PD Editorial: Let’s not stifle the debate on affordable housing
Asked about the housing crunch in Sonoma County four years ago, then-Gov. Jerry Brown was characteristically blunt.
“The problem,” he said, “is you don’t want housing up there.”
Brown’s remark triggered a lively debate. One of those who disagreed most vehemently with the governor was Rohnert Park Councilman Jake Mackenzie.
“The governor can’t tell us we aren’t interested in housing,” Mackenzie said. “We bloody well are.”
At the time, Rohnert Park was on the front end of its biggest building boom in two decades.
In January, with housing still in short supply in the Bay Area and across the state, Mackenzie’s colleagues on the Rohnert Park City Council stripped him of two prestigious appointments because he signed a regional housing compact in his role as chairman of the Metropolitan Transportation Commission.

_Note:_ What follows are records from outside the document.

lemma riesz_potential_le_localized:
  assumes [measurable]: "f \<in> borel_measurable borel" and f: "\<And>y. f y \<ge> 0"
    and t: "t > 0" and \<epsilon>: "0 \<le> \<epsilon>" "\<epsilon> \<le> 1" and M: "M\<^sub>\<alpha> f x \<le> ennreal (\<epsilon> * t)"
    and Iz: "I\<^sub>\<alpha> f z \<le> ennreal t" and d: "d = dist x z" "d > 0"
    and fails: "\<forall>l<j. doubling_fails x d l" and x': "dist x x' \<le> radius d j / 2"
  shows "I\<^sub>\<alpha> f x' \<le> I\<^sub>\<alpha> (\<lambda>y. indicator (ball x (radius d j)) y * f y) x' + ennreal (tail_const * t)"
proof -
  have "I\<^sub>\<alpha> f x' \<le> (\<integral>\<^sup>+y. indicator (ball x (radius d j)) y * riesz_kernel f x' y \<partial>\<mu>)
      + ennreal (tail_const * t)"
  proof (rule riesz_potential_le_near_part[OF _ f t \<epsilon> M Iz d, where P = "\<lambda>i. i < j"])
    show "ball x (radius d 0) \<subseteq> ball x (radius d j)
        \<union> (\<Union>i\<in>{i. i < j}. ball x (radius d i) - ball x (radius d (Suc i)))"
    proof
      fix y assume y: "y \<in> ball x (radius d 0)"
      show "y \<in> ball x (radius d j) \<union> (\<Union>i\<in>{i. i < j}. ball x (radius d i) - ball x (radius d (Suc i)))"
      proof (cases "dist x y < radius d j")
        case False
        then have "y \<in> ball x (radius d 0) - {x}" using y d(2) by auto
        then obtain i where i: "y \<in> ball x (radius d i) - ball x (radius d (Suc i))"
          using ball_minus_center_subset_shells[OF d(2), of x] by blast
        then have "i < j" using False radius_antimono[OF d(2), of j i] by (cases "i < j") auto
        then show ?thesis using i by blast
      qed simp
    qed
    show "dist x x' \<le> radius d (Suc i) / 2 \<and> (\<forall>l<i. doubling_fails x d l)" if "i < j" for i
      using that fails x' radius_antimono[OF d(2), of "Suc i" j] by auto
    show "dist x x' \<le> radius d 0 / 2" using x' radius_antimono[OF d(2), of 0 j] by simp
  qed measurable
  then show ?thesis by (simp add: riesz_kernel_indicator riesz_potential_eq)
qed

section \<open>The good-\<open>\<lambda>\<close> inequality\<close>

lemma emeasure_riesz_potential_gt_le_measure:
  assumes [measurable]: "g \<in> borel_measurable borel" and g: "\<And>y. g y \<ge> 0"
    and int: "(\<integral>\<^sup>+y. g y \<partial>\<mu>) \<le> ennreal (\<epsilon> * t * m powr (\<beta> / N))"
    and t: "t > 0" and \<epsilon>: "\<epsilon> \<ge> 0" and m: "m \<ge> 0"
  shows "emeasure \<mu> {x. I\<^sub>\<alpha> g x > ennreal t} \<le> ennreal (weak_type_const * \<epsilon> powr (N / \<beta>) * m)"
proof -
  have "emeasure \<mu> {x. I\<^sub>\<alpha> g x > ennreal t}
      \<le> ennreal (weak_type_const * (\<epsilon> * t * m powr (\<beta> / N) / t) powr (N / \<beta>))"
    by (rule emeasure_riesz_potential_gt_le[OF _ g int t]) measurable
  also have "(\<epsilon> * t * m powr (\<beta> / N) / t) powr (N / \<beta>) = \<epsilon> powr (N / \<beta>) * m"
    using t \<epsilon> m beta_pos N_pos by (simp add: powr_mult powr_powr)
  finally show ?thesis by (simp add: mult.assoc)
qed

definition good_lambda_const :: real where
  "good_lambda_const = weak_type_const * doubling_const"

lemma good_lambda_const_pos: "good_lambda_const > 0"
  using weak_type_const_pos by (simp add: good_lambda_const_def doubling_const_def)

lemma emeasure_restricted_riesz_potential_gt_le:
  assumes [measurable]: "f \<in> borel_measurable borel" and f: "\<And>y. f y \<ge> 0"
    and t: "t > 0" and \<epsilon>: "0 \<le> \<epsilon>" and M: "M\<^sub>\<alpha> f x \<le> ennreal (\<epsilon> * t)"
    and d: "d > 0" and doubling: "\<not> doubling_fails x d j"
  shows "emeasure \<mu> {y. I\<^sub>\<alpha> (\<lambda>y. indicator (ball x (radius d j)) y * f y) y > ennreal t}
    \<le> ennreal (good_lambda_const * \<epsilon> powr (N / \<beta>)) * emeasure \<mu> (ball x (radius d (Suc j)))"
proof -
  let ?m = "measure \<mu> (ball x (radius d j))"
  have "emeasure \<mu> {y. I\<^sub>\<alpha> (\<lambda>y. indicator (ball x (radius d j)) y * f y) y > ennreal t}
      \<le> ennreal (weak_type_const * \<epsilon> powr (N / \<beta>) * ?m)"
  proof (rule emeasure_riesz_potential_gt_le_measure)
    have "(\<integral>\<^sup>+y. indicator (ball x (radius d j)) y * f y \<partial>\<mu>)
        = (\<integral>\<^sup>+y. indicator (ball x (radius d j)) y * ennreal (f y) \<partial>\<mu>)"
      by (intro nn_integral_cong) (simp add: indicator_def)
    also have "\<dots> \<le> ennreal (\<epsilon> * t * ?m powr (\<beta> / N))"
      using M t \<epsilon> d by (intro nn_integral_ball_le_frac_maximal f) auto
    finally show "(\<integral>\<^sup>+y. indicator (ball x (radius d j)) y * f y \<partial>\<mu>) \<le> ennreal (\<epsilon> * t * ?m powr (\<beta> / N))" .
  qed (use f t \<epsilon> in auto)
  also have "\<dots> \<le> ennreal (weak_type_const * \<epsilon> powr (N / \<beta>) * (doubling_const * measure \<mu> (ball x (radius d (Suc j)))))"
    using doubling weak_type_const_pos \<epsilon>
    by (intro ennreal_leI mult_left_mono) (auto simp: doubling_fails_def)
  also have "\<dots> = ennreal (good_lambda_const * \<epsilon> powr (N / \<beta>)) * emeasure \<mu> (ball x (radius d (Suc j)))"
    using weak_type_const_pos
    by (simp add: good_lambda_const_def doubling_const_def emeasure_ball_eq ennreal_mult[symmetric] ac_simps)
  finally show ?thesis .
qed

lemma good_lambda_local:
  assumes [measurable]: "f \<in> borel_measurable borel" and f: "\<And>y. f y \<ge> 0"
    and t: "t > 0" and \<epsilon>: "0 \<le> \<epsilon>" "\<epsilon> \<le> 1" and M: "M\<^sub>\<alpha> f x \<le> ennreal (\<epsilon> * t)"
    and Ix: "I\<^sub>\<alpha> f x > ennreal ((1 + tail_const) * t)"
    and nonempty: "{y. I\<^sub>\<alpha> f y \<le> ennreal t} \<noteq> {}"
  shows "\<exists>\<rho>>0. \<rho> \<le> infdist x {y. I\<^sub>\<alpha> f y \<le> ennreal t} \<and>
    (\<exists>G\<in>sets \<mu>. {y. I\<^sub>\<alpha> f y > ennreal ((1 + tail_const) * t)} \<inter> ball x (5 * \<rho>) \<subseteq> G \<and>
      emeasure \<mu> G \<le> ennreal (good_lambda_const * \<epsilon> powr (N / \<beta>)) * emeasure \<mu> (ball x \<rho>))"
proof -
  let ?Oc = "{y. I\<^sub>\<alpha> f y \<le> ennreal t}"
  have closed: "closed ?Oc" by (rule closed_riesz_potential_le[OF _ f]) measurable
  have "ennreal t \<le> ennreal ((1 + tail_const) * t)"
    using t tail_const_pos by (intro ennreal_leI) simp
  then have "x \<notin> ?Oc" using Ix by auto
  then have d: "infdist x ?Oc > 0" using closed nonempty by (rule infdist_pos_not_in_closed[rotated 2])
  obtain z where z: "z \<in> ?Oc" "infdist x ?Oc = dist x z" using infdist_attains_inf[OF closed nonempty] by blast
  define d where "d = dist x z"
  have Iz: "I\<^sub>\<alpha> f z \<le> ennreal t" and d_pos: "d > 0" using z d by (auto simp: d_def)
  obtain j where j: "\<not> doubling_fails x d j" "\<forall>l<j. doubling_fails x d l"
    using exists_least_iff[of "\<lambda>l. \<not> doubling_fails x d l"]
      exists_doubling_radius[OF _ f t \<epsilon> M Iz d_def d_pos Ix] by auto
  define \<rho> where "\<rho> = radius d (Suc j)"
  define f\<^sub>j where "f\<^sub>j y = indicator (ball x (radius d j)) y * f y" for y
  have [measurable]: "f\<^sub>j \<in> borel_measurable borel" unfolding f\<^sub>j_def by measurable
  define G where "G = ball x (5 * \<rho>) \<inter> {y. I\<^sub>\<alpha> f\<^sub>j y > ennreal t}"
  have "\<rho> \<le> radius d 0" unfolding \<rho>_def using d_pos by (intro radius_antimono) auto
  also have "radius d 0 \<le> d" using d_pos by (simp add: radius_def)
  finally have \<rho>: "0 < \<rho>" "\<rho> \<le> infdist x ?Oc" using d_pos z by (auto simp: \<rho>_def d_def)
  have "{y. I\<^sub>\<alpha> f y > ennreal ((1 + tail_const) * t)} \<inter> ball x (5 * \<rho>) \<subseteq> G"
  proof safe
    fix y assume y: "ennreal ((1 + tail_const) * t) < I\<^sub>\<alpha> f y" "y \<in> ball x (5 * \<rho>)"
    have "I\<^sub>\<alpha> f y \<le> I\<^sub>\<alpha> f\<^sub>j y + ennreal (tail_const * t)"
      unfolding f\<^sub>j_def using y(2) j(2)
      by (intro riesz_potential_le_localized[OF _ f t \<epsilon> M Iz d_def d_pos])
        (auto simp: \<rho>_def radius_Suc)
    with y(1) have "ennreal t + ennreal (tail_const * t) < I\<^sub>\<alpha> f\<^sub>j y + ennreal (tail_const * t)"
      using t tail_const_pos by (simp add: algebra_simps ennreal_plus[symmetric] del: ennreal_plus)
    then show "y \<in> G"
      using y(2) by (simp add: G_def add.commute[of _ "ennreal (tail_const * t)"] ennreal_add_left_cancel_less)
  qed
  moreover have "G \<in> sets \<mu>" unfolding G_def by measurable
  moreover have "emeasure \<mu> G \<le> emeasure \<mu> {y. I\<^sub>\<alpha> f\<^sub>j y > ennreal t}"
    unfolding G_def by (intro emeasure_mono) measurable
  moreover have "\<dots> \<le> ennreal (good_lambda_const * \<epsilon> powr (N / \<beta>)) * emeasure \<mu> (ball x \<rho>)"
    unfolding f\<^sub>j_def \<rho>_def by (rule emeasure_restricted_riesz_potential_gt_le[OF assms(1) f t \<epsilon>(1) M d_pos j(1)])
  ultimately show ?thesis using \<rho> by (meson order_trans)
qed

Soon afterward, a committee of Sonoma County mayors and city council members signaled their intention to remove Mackenzie from the MTC, where he has served since 2008, even though no one else had applied for the job.
By themselves, these acts don’t prove that Brown was right about Sonoma County and housing.
But they demonstrate just how difficult it is to systematically address the problem of high prices and short supply in the Bay Area housing market.
Mackenzie was one of two local elected officials who signed what’s known as the CASA compact, which was put together by elected officials from throughout the Bay Area, working in conjunction with transit officials, major employers and others. The other local signer was Supervisor David Rabbitt. Santa Rosa Councilwoman Julie Combs serves on the steering committee but hasn't signed the compact.
CASA doesn’t obligate any local jurisdiction, but it was offered as a framework for state legislation to facilitate development of affordable housing, including multi-story buildings, along certain Bay Area transit corridors, including SMART. Other provisions of the 10-point compact include a cap on rent increases, restrictions on evictions and taxes to subsidize affordable housing. All of them would require legislative approval; some would require voter approval.
The goal is a better balance between the creation of housing and jobs. Since 2010, the Bay Area has added 722,000 new jobs but just 106,000 housing units.
New jobs are usually popular, but housing plans often into stiff opposition from neighbors and their elected representatives.
“If we had a food crisis in the Bay Area, famine, we would take drastic actions,” Rabbitt said. “If we have a health crisis, if we had an epidemic, we would take drastic actions. We have a housing crisis, and everyone looks to everyone else to solve it. And no one wants to step up — ‘I have my house. I don’t have a crisis.’ There’s a lot of that.”
Recent legislative attempts to force cities and counties to approve more housing have failed, with local governments vigorously defending local control. Additional bills, some of them reflecting the CASA compact, are likely to be presented in Sacramento this year.
Gov. Gavin Newsom, who campaigned on housing, has suggested reducing gas tax payments to jurisdictions that miss housing quotas. His administration recently filed suit against Huntington Beach for failing to set aside land for affordable housing — a stark contrast to Brown signing legislation granting Marin County an exemption through 2028.
Some of these are controversial ideas. We’re not ready to endorse the CASA compact, but if local elected officials are prepared to fire one of their own before these ideas are even subjected to legislative hearings, then maybe Brown was right about Sonoma County and housing. We hope that’s not the case.